(Material shown begins)
lemma total_coherence_ge_equiangular_subset:
  assumes "S \<subseteq> {..<M}"
    and "\<And>i j. i \<in> S \<Longrightarrow> j \<in> S \<Longrightarrow> i \<noteq> j \<Longrightarrow> cmod (frame_inner N Phi i j) = c"
  shows "real (card S) * (real (card S) - 1) * c \<le> total_coherence M N Phi"
proof -
  have "finite S" using assms(1) finite_subset by blast
  have "real (card S) * (real (card S) - 1) * c = (\<Sum>i\<in>S. (real (card S) - 1) * c)"
    by simp
  also have "\<dots> = (\<Sum>i\<in>S. \<Sum>j\<in>S - {i}. c)"
  proof (intro sum.cong refl)
    fix i assume "i \<in> S"
    then have "1 \<le> card S"
      using \<open>finite S\<close> card_0_eq by fastforce
    then show "(real (card S) - 1) * c = (\<Sum>j\<in>S - {i}. c)"
      using \<open>i \<in> S\<close> \<open>finite S\<close> by (simp add: of_nat_diff)
  qed
  also have "\<dots> = (\<Sum>i\<in>S. \<Sum>j\<in>S - {i}. cmod (frame_inner N Phi i j))"
    using assms(2) by (intro sum.cong) auto
  also have "\<dots> \<le> (\<Sum>i\<in>S. \<Sum>j\<in>{..<M} - {i}. cmod (frame_inner N Phi i j))"
    using assms(1) by (intro sum_mono sum_mono2) auto
  also have "\<dots> \<le> total_coherence M N Phi"
    unfolding total_coherence_def using assms(1) by (intro sum_mono2) (auto intro: sum_nonneg)
  finally show ?thesis .
qed

definition householder :: "(nat \<Rightarrow> real) \<Rightarrow> real \<Rightarrow> nat \<Rightarrow> nat \<Rightarrow> real" where
  "householder v c i j = (if i = j then 1 else 0) - v i * v j / c"

lemma householder_sym: "householder v c i j = householder v c j i"
  unfolding householder_def by (simp add: mult.commute)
(Material shown ends)
What this task involves – What you return should be only the lines from the line containing "fix i assume" through the end of the material above, reproduced exactly, first and last included.

Your solution –
    fix i assume "i \<in> S"
    then have "1 \<le> card S"
      using \<open>finite S\<close> card_0_eq by fastforce
    then show "(real (card S) - 1) * c = (\<Sum>j\<in>S - {i}. c)"
      using \<open>i \<in> S\<close> \<open>finite S\<close> by (simp add: of_nat_diff)
  qed
  also have "\<dots> = (\<Sum>i\<in>S. \<Sum>j\<in>S - {i}. cmod (frame_inner N Phi i j))"
    using assms(2) by (intro sum.cong) auto
  also have "\<dots> \<le> (\<Sum>i\<in>S. \<Sum>j\<in>{..<M} - {i}. cmod (frame_inner N Phi i j))"
    using assms(1) by (intro sum_mono sum_mono2) auto
  also have "\<dots> \<le> total_coherence M N Phi"
    unfolding total_coherence_def using assms(1) by (intro sum_mono2) (auto intro: sum_nonneg)
  finally show ?thesis .
qed

definition householder :: "(nat \<Rightarrow> real) \<Rightarrow> real \<Rightarrow> nat \<Rightarrow> nat \<Rightarrow> real" where
  "householder v c i j = (if i = j then 1 else 0) - v i * v j / c"

lemma householder_sym: "householder v c i j = householder v c j i"
  unfolding householder_def by (simp add: mult.commute)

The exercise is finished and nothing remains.